- [BRIEF]:
Write out again only the lines that run from the start of the entries to the line containing "interpret group_action ?G", both included.

- [RECORDS]:
theorem burnside_groupHV:
  assumes "k \<ge> 1" and "l \<ge> 1"
  shows "4 * card (orbitsHV k l r) = (\<Sum>g\<in>groupHV k l. card {B \<in> boards k l r. g ` B = B})"
proof -
  let ?G = "BijGroup (grid k l)\<lparr>carrier := groupHV_on_grid k l\<rparr>"
  let ?\<phi> = "subset_image_action (grid k l) r"
  interpret group_action ?G "boards k l r" ?\<phi>
    using group_action.induced_action[OF group_action_subset_image subgroup_groupHV_on_grid]
    by (simp add: boards_def)
  have "finite (boards k l r)"
    by (rule finite_subset[of _ "Pow (grid k l)"]) (auto simp: boards_def grid_def)
  moreover have "finite (groupHV_on_grid k l)"
    by (simp add: groupHV_on_grid_def groupHV_def)
  ultimately have "card (orbitsHV k l r) * 4
      = (\<Sum>a\<in>groupHV_on_grid k l. card (invariants (boards k l r) ?\<phi> a))"
    using burnside card_groupHV_on_grid[OF assms] orbitsHV_eq_orbits by (simp add: order_def)
  also have "\<dots> = (\<Sum>g\<in>groupHV k l. card {B \<in> boards k l r. g ` B = B})"
    unfolding groupHV_on_grid_def sum.reindex[OF inj_on_restrict_groupHV[OF assms]]
    by (simp add: invariants_restrict_groupHV)
  finally show ?thesis
    by simp
qed

lemma card_boards: "card (boards k l r) = ((2*k+1) * (2*l+1)) choose r"
  by (simp add: boards_def n_subsets card_cartesian_product grid_def)

lemma fixed_boards_eq:
  "{B \<in> boards k l r. g ` B = B} = {B. B \<subseteq> grid k l \<and> card B = r \<and> g ` B = B}"
  by (auto simp: boards_def)

lemma card_fixed_boards_reflH:
  "card {B \<in> boards k l r. reflH k l ` B = B}
    = (\<Sum>t=0..r. ((2*l+1) choose t) * choose_half (2*k*l+k) (r - t))"
proof -
  interpret involution_transversal "grid k l" "reflH k l" "{k} \<times> {0..<2*l+1}" "{0..<k} \<times> {0..<2*l+1}"
    by unfold_locales (auto simp: grid_def reflH_def)
  have "card ({k} \<times> {0..<2*l+1}) = 2*l+1" and "card ({0..<k} \<times> {0..<2*l+1}) = 2*k*l+k"
    by (simp_all add: card_cartesian_product algebra_simps)
  then show ?thesis
    unfolding fixed_boards_eq card_invariant_subsets by (simp only:)
qed

lemma card_fixed_boards_reflV:
  "card {B \<in> boards k l r. reflV k l ` B = B}
    = (\<Sum>t=0..r. ((2*k+1) choose t) * choose_half (2*k*l+l) (r - t))"
proof -
  interpret involution_transversal "grid k l" "reflV k l" "{0..<2*k+1} \<times> {l}" "{0..<2*k+1} \<times> {0..<l}"
    by unfold_locales (auto simp: grid_def reflV_def)
  have "card ({0..<2*k+1} \<times> {l}) = 2*k+1" and "card ({0..<2*k+1} \<times> {0..<l}) = 2*k*l+l"
    by (simp_all add: card_cartesian_product algebra_simps)
  then show ?thesis
    unfolding fixed_boards_eq card_invariant_subsets by (simp only:)
qed

lemma card_fixed_boards_rotation:
  "card {B \<in> boards k l r. (reflH k l \<circ> reflV k l) ` B = B} = (2*k*l+k+l) choose (r div 2)"
proof -
  define A where "A = {0..<k} \<times> {0..<2*l+1} \<union> {k} \<times> {0..<l}"
  interpret involution_transversal "grid k l" "reflH k l \<circ> reflV k l" "{(k, l)}" A
    by unfold_locales (auto simp: grid_def reflH_def reflV_def A_def)
  have "card A = 2*k*l+k+l"
    unfolding A_def by (subst card_Un_disjoint) (auto simp: card_cartesian_product algebra_simps)
  moreover have "card {(k, l)} = 1"
    by simp
  ultimately show ?thesis
    unfolding fixed_boards_eq card_invariant_subsets by (simp only: sum_choose_one_choose_half)
qed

- [RESPONSE TO THIS EXERCISE]:
theorem burnside_groupHV:
  assumes "k \<ge> 1" and "l \<ge> 1"
  shows "4 * card (orbitsHV k l r) = (\<Sum>g\<in>groupHV k l. card {B \<in> boards k l r. g ` B = B})"
proof -
  let ?G = "BijGroup (grid k l)\<lparr>carrier := groupHV_on_grid k l\<rparr>"
  let ?\<phi> = "subset_image_action (grid k l) r"
  interpret group_action ?G "boards k l r" ?\<phi>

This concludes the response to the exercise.